Poking this PR for the above issues to be solved, as it pretty positively received overall. If you do not have time to develop it further, do say, and someone could take it from here.
Sure, I'll shortly get back to it.
I had to care about my health during the past weeks and had no energy to put on Godot dev for a while; nearly recovered now.
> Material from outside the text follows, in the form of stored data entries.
lemma graft_preproof: "ik4_preproof (graft_nodes leaf ch Ns s0) (graft_label leaf ch sq labs s0)"
  unfolding ik4_preproof_def
proof (intro conjI allI impI ballI)
  show "[] \<in> graft_nodes leaf ch Ns s0"
    using leaf_proof by (simp add: graft_nodes_def ik4_inf_proof_def ik4_preproof_def)
next
  fix w i assume "w @ [i] \<in> graft_nodes leaf ch Ns s0"
  then show "w \<in> graft_nodes leaf ch Ns s0"
    using leaf_proof unfolding graft_nodes_def ik4_inf_proof_def ik4_preproof_def
    by (auto simp: locate_snoc split: option.splits if_splits) blast
next
  fix w assume "w \<in> graft_nodes leaf ch Ns s0"
  then obtain t v where loc: "locate leaf ch s0 w = Some (t, v)" and v: "leaf t \<Longrightarrow> v \<in> Ns t"
    by (auto simp: graft_nodes_def split: option.splits)
  show "\<exists>k. (\<forall>i. w @ [i] \<in> graft_nodes leaf ch Ns s0 \<longleftrightarrow> i < k) \<and>
      ik4_rule (map (\<lambda>i. graft_label leaf ch sq labs s0 (w @ [i])) [0..<k])
        (graft_label leaf ch sq labs s0 w)"
  proof (cases "leaf t")
    case True
    then obtain k where "\<forall>i. v @ [i] \<in> Ns t \<longleftrightarrow> i < k"
      and "ik4_rule (map (\<lambda>i. labs t (v @ [i])) [0..<k]) (labs t v)"
      using leaf_proof[of t] v unfolding ik4_inf_proof_def ik4_preproof_def by blast
    with True loc show ?thesis
      by (intro exI[of _ k]) (simp add: graft_nodes_def graft_label_def locate_snoc)
  next
    case False
    have "[] \<in> Ns s" if "leaf s" for s
      using leaf_proof[OF that] by (simp add: ik4_inf_proof_def ik4_preproof_def)
    then have "\<forall>i. w @ [i] \<in> graft_nodes leaf ch Ns s0 \<longleftrightarrow> i < length (ch t)"
      using False loc by (simp add: graft_nodes_def locate_snoc)
    moreover have
      "map (\<lambda>i. graft_label leaf ch sq labs s0 (w @ [i])) [0..<length (ch t)] = map sq (ch t)"
      using False loc leaf_root
      by (intro nth_equalityI) (auto simp: graft_label_def locate_snoc)
    ultimately show ?thesis
      using False loc node_rule[of t] by (intro exI[of _ "length (ch t)"]) (simp add: graft_label_def)
  qed
qed

lemma graft_progressing_into_leaf:
  assumes branch: "infinite_branch (graft_nodes leaf ch Ns s0) c"
    and loc: "locate leaf ch s0 (map c [0..<m]) = Some (t, [])" and "leaf t"
  shows "progressing_trace (\<lambda>n. graft_label leaf ch sq labs s0 (map c [0..<n]))"
proof -
  have loc_shift: "locate leaf ch s0 (map c [0..<n + m]) = Some (t, map (\<lambda>i. c (i + m)) [0..<n])"
    for n
    by (induction n) (simp_all add: loc locate_snoc \<open>leaf t\<close>)
  have "map (\<lambda>i. c (i + m)) [0..<n] \<in> Ns t" for n
    using branch[unfolded infinite_branch_def, rule_format, of "n + m"] loc_shift[of n] \<open>leaf t\<close>
    by (simp add: graft_nodes_def)
  then have "infinite_branch (Ns t) (\<lambda>i. c (i + m))"
    by (simp add: infinite_branch_def)
  then have "progressing_trace (\<lambda>n. labs t (map (\<lambda>i. c (i + m)) [0..<n]))"
    using leaf_proof[OF \<open>leaf t\<close>] unfolding ik4_inf_proof_def by blast
  moreover have
    "graft_label leaf ch sq labs s0 (map c [0..<n + m]) = labs t (map (\<lambda>i. c (i + m)) [0..<n])" for n
    using loc_shift[of n] \<open>leaf t\<close> by (simp add: graft_label_def)
  ultimately have "progressing_trace (\<lambda>n. graft_label leaf ch sq labs s0 (map c [0..<n + m]))"
    by simp
  then show ?thesis
    by (rule progressing_trace_shift[of _ m])
qed

lemma graft_progressing:
  assumes progress: "\<And>T. T 0 = s0 \<Longrightarrow> \<forall>n. \<not> leaf (T n) \<and> T (Suc n) \<in> set (ch (T n)) \<Longrightarrow>
      progressing_trace (sq \<circ> T)"
    and branch: "infinite_branch (graft_nodes leaf ch Ns s0) c"
  shows "progressing_trace (\<lambda>n. graft_label leaf ch sq labs s0 (map c [0..<n]))"
proof (cases "\<exists>m t. locate leaf ch s0 (map c [0..<m]) = Some (t, []) \<and> leaf t")
  case True
  then show ?thesis
    using graft_progressing_into_leaf[OF branch] by blast
next
  case False
  have "\<exists>t. locate leaf ch s0 (map c [0..<n]) = Some (t, []) \<and> \<not> leaf t" for n
  proof (induction n)
    case 0
    show ?case using False[simplified, rule_format, of 0] by simp
  next
    case (Suc n)
    then obtain t where loc: "locate leaf ch s0 (map c [0..<n]) = Some (t, [])" and "\<not> leaf t"
      by blast
    have "map c [0..<Suc n] \<in> graft_nodes leaf ch Ns s0"
      using branch unfolding infinite_branch_def by blast
    then have "c n < length (ch t)"
      using loc \<open>\<not> leaf t\<close> by (simp add: graft_nodes_def locate_snoc split: if_splits)
    then have "locate leaf ch s0 (map c [0..<Suc n]) = Some (ch t ! c n, [])"
      using loc \<open>\<not> leaf t\<close> by (simp add: locate_snoc)
    with False show ?case
      by blast
  qed
  then obtain T where T: "\<And>n. locate leaf ch s0 (map c [0..<n]) = Some (T n, [])"
    and non_leaf: "\<And>n. \<not> leaf (T n)"
    by metis
  have "T (Suc n) \<in> set (ch (T n))" for n
    using T[of "Suc n"] T[of n] non_leaf[of n]
    by (auto simp: locate_snoc split: if_splits) (metis nth_mem)
  moreover have "T 0 = s0"
    using T[of 0] by simp
  ultimately have "progressing_trace (sq \<circ> T)"
    using progress non_leaf by blast
  then show ?thesis
    using T non_leaf by (simp add: graft_label_def comp_def)
qed

end

theorem labIGL_provable_unfold:
  fixes sq :: "'s \<Rightarrow> 'p seq"
  assumes node_rule: "\<And>s. \<not> leaf s \<Longrightarrow> ik4_rule (map sq (ch s)) (sq s)"
    and leaf: "\<And>s. leaf s \<Longrightarrow> labIGL_provable (sq s)"
    and progress: "\<And>T. T 0 = s0 \<Longrightarrow> \<forall>n. \<not> leaf (T n) \<and> T (Suc n) \<in> set (ch (T n)) \<Longrightarrow>
      progressing_trace (sq \<circ> T)"
  shows "labIGL_provable (sq s0)"
proof -
  obtain Ns labs where leaf_proof: "\<And>s. leaf s \<Longrightarrow> ik4_inf_proof (Ns s) (labs s)"
    and leaf_root: "\<And>s. leaf s \<Longrightarrow> labs s [] = sq s"
    using leaf unfolding labIGL_provable_def by metis
  have "ik4_inf_proof (graft_nodes leaf ch Ns s0) (graft_label leaf ch sq labs s0)"
    unfolding ik4_inf_proof_def
    using graft_preproof[OF node_rule leaf_proof leaf_root]
      graft_progressing[OF node_rule leaf_proof leaf_root progress]
    by blast
  moreover have "graft_label leaf ch sq labs s0 [] = sq s0"
    using leaf_root unfolding graft_label_def by simp
  ultimately show ?thesis
    unfolding labIGL_provable_def by blast
qed

section \<open>Finite derivations\<close>

lemma labIGL_provable_rule:
  assumes "ik4_rule ps c" and "\<forall>S \<in> set ps. labIGL_provable S"
  shows "labIGL_provable c"
proof -
  \<comment> \<open>States below \<open>length ps\<close> are the premisses; every other state stands for \<open>c\<close>.\<close>
  define sq where "sq i = (if i < length ps then ps ! i else c)" for i
  have premisses: "map sq [0..<length ps] = ps"
    by (rule nth_equalityI) (simp_all add: sq_def)
  have "labIGL_provable (sq (length ps))"
  proof (rule labIGL_provable_unfold[where leaf = "\<lambda>i. i < length ps" and ch = "\<lambda>_. [0..<length ps]"])
    show "ik4_rule (map sq [0..<length ps]) (sq s)" if "\<not> s < length ps" for s
      unfolding premisses using that assms(1) by (simp add: sq_def)
    show "labIGL_provable (sq s)" if "s < length ps" for s
      using that assms(2) by (simp add: sq_def)
    show "progressing_trace (sq \<circ> T)"
      if "\<forall>n. \<not> T n < length ps \<and> T (Suc n) \<in> set [0..<length ps]" for T
      using that by auto
  qed
  then show ?thesis
    by (simp add: sq_def)
qed

lemma labIGL_provable_k4_rule:
  assumes "k4_rule ps c" and "size (snd (snd c)) = 1" and "\<forall>S \<in> set ps. labIGL_provable S"
  shows "labIGL_provable c"
  using assms labIGL_provable_size_succedent
  by (intro labIGL_provable_rule[OF _ assms(3)]) (auto simp: ik4_rule_def)

lemma labIGL_provable_thin:
  "labIGL_provable (R, \<Gamma>, \<Delta>) \<Longrightarrow> labIGL_provable (R \<union> R', \<Gamma>, \<Delta>)"
  using labIGL_provable_size_succedent by (intro labIGL_provable_k4_rule[OF k4_rule.thin]) auto

lemma labIGL_provable_identity: "labIGL_provable (R, {#(y, C)#}, {#(y, C)#})"
proof -
  have "labIGL_provable ({}, {#(y, C)#}, {#(y, C)#})" for y
  proof (induction C arbitrary: y)
    case (Atom p)
    show ?case
      by (rule labIGL_provable_k4_rule[OF k4_rule.ax_id]) auto
  next
    case Bot
    show ?case
      using labIGL_provable_k4_rule[OF k4_rule.botL[of "{}" y "{#}" "{#(y, Bot)#}"]] by simp
  next
    case (And C D)
    have "labIGL_provable ({}, {#(y, And C D)#}, {#(y, C)#})"
      by (rule labIGL_provable_k4_rule[OF k4_rule.andL1]) (use And.IH in auto)
    moreover have "labIGL_provable ({}, {#(y, And C D)#}, {#(y, D)#})"
      by (rule labIGL_provable_k4_rule[OF k4_rule.andL2]) (use And.IH in auto)
    ultimately show ?case
      by (intro labIGL_provable_k4_rule[OF k4_rule.andR]) auto
  next
    case (Or C D)
    have "labIGL_provable ({}, {#(y, C)#}, {#(y, Or C D)#})"
      by (rule labIGL_provable_k4_rule[OF k4_rule.orR1]) (use Or.IH in auto)
    moreover have "labIGL_provable ({}, {#(y, D)#}, {#(y, Or C D)#})"
      by (rule labIGL_provable_k4_rule[OF k4_rule.orR2]) (use Or.IH in auto)
    ultimately show ?case
      by (intro labIGL_provable_k4_rule[OF k4_rule.orL]) auto
  next
    case (Imp C D)
    have "k4_rule [({}, {#(y, C)#}, {#(y, C)#}), ({}, {#(y, D)#}, {#(y, D)#})]
        ({}, {#(y, C), (y, Imp C D)#}, {#(y, D)#})"
      using k4_rule.impL[of "{}" "{#(y, C)#}" y C "{#}" D "{#}" "{#(y, D)#}"]
      by (simp add: add_mset_commute)
    then have "labIGL_provable ({}, {#(y, C), (y, Imp C D)#}, {#(y, D)#})"
      by (rule labIGL_provable_k4_rule) (use Imp.IH in auto)
    then show ?case
      by (intro labIGL_provable_k4_rule[OF k4_rule.impR]) auto
  next
    case (Box C)
    have "labIGL_provable ({(y, Suc y)}, {#(Suc y, C)#}, {#(Suc y, C)#})"
      using labIGL_provable_thin[OF Box.IH, of "{(y, Suc y)}"] by simp
    then have "labIGL_provable ({(y, Suc y)}, {#(y, Box C)#}, {#(Suc y, C)#})"
      by (intro labIGL_provable_k4_rule[OF k4_rule.boxL[of y "Suc y" "{}"]]) auto
    then show ?case
      by (intro labIGL_provable_k4_rule[OF k4_rule.boxR[of "Suc y" "{}"]]) (auto simp: labels_def)
  next
    case (Dia C)
    have "labIGL_provable ({(y, Suc y)}, {#(Suc y, C)#}, {#(Suc y, C)#})"
      using labIGL_provable_thin[OF Dia.IH, of "{(y, Suc y)}"] by simp
    then have "labIGL_provable ({(y, Suc y)}, {#(Suc y, C)#}, {#(y, Dia C)#})"
      by (intro labIGL_provable_k4_rule[OF k4_rule.diaR[of y "Suc y" "{}"]]) auto
    then show ?case
      by (intro labIGL_provable_k4_rule[OF k4_rule.diaL[of "Suc y" "{}"]]) (auto simp: labels_def)
  qed
  from labIGL_provable_thin[OF this, where R' = R] show ?thesis
    by simp
qed

section \<open>Loeb's axiom\<close>

abbreviation loeb_hyp :: "'p fm \<Rightarrow> 'p fm" where
  "loeb_hyp A \<equiv> Box (Imp (Box A) A)"

definition loeb_world :: "nat \<Rightarrow> bool \<Rightarrow> nat" where
  "loeb_world x p = (if p then Suc x else Suc (Suc x))"

datatype loeb_state =
    Goal | Boxed | World bool | Contracted bool | Unboxed bool | Premiss bool
  | Successor bool | Transitive bool | is_axiom: Axiom bool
Rebased and code style changes are in - I believe this should be good to merge @KoBeWi @akien-mga
You didn't address all my comments though.
https://github.com/godotengine/godot/pull/89265#issuecomment-2004233077 is still relevant. Also https://github.com/godotengine/godot/pull/89265#discussion_r1528803125
Seems like this breaks EditorSpinSliders. Integer properties no longer show arrows (e.g. frame_coords in Sprite2D):
Correct:
Oops, thanks for pointing out the problem in EditorSpinSliders. Need fix before merge.
For the other comments, I already checked and:
Both arrows are greyed out when min and max are the same when running the project; works correctly. But I did not notice that the issue was when the control is rendered in edit mode. I have not worked with edit-time-specifics yet.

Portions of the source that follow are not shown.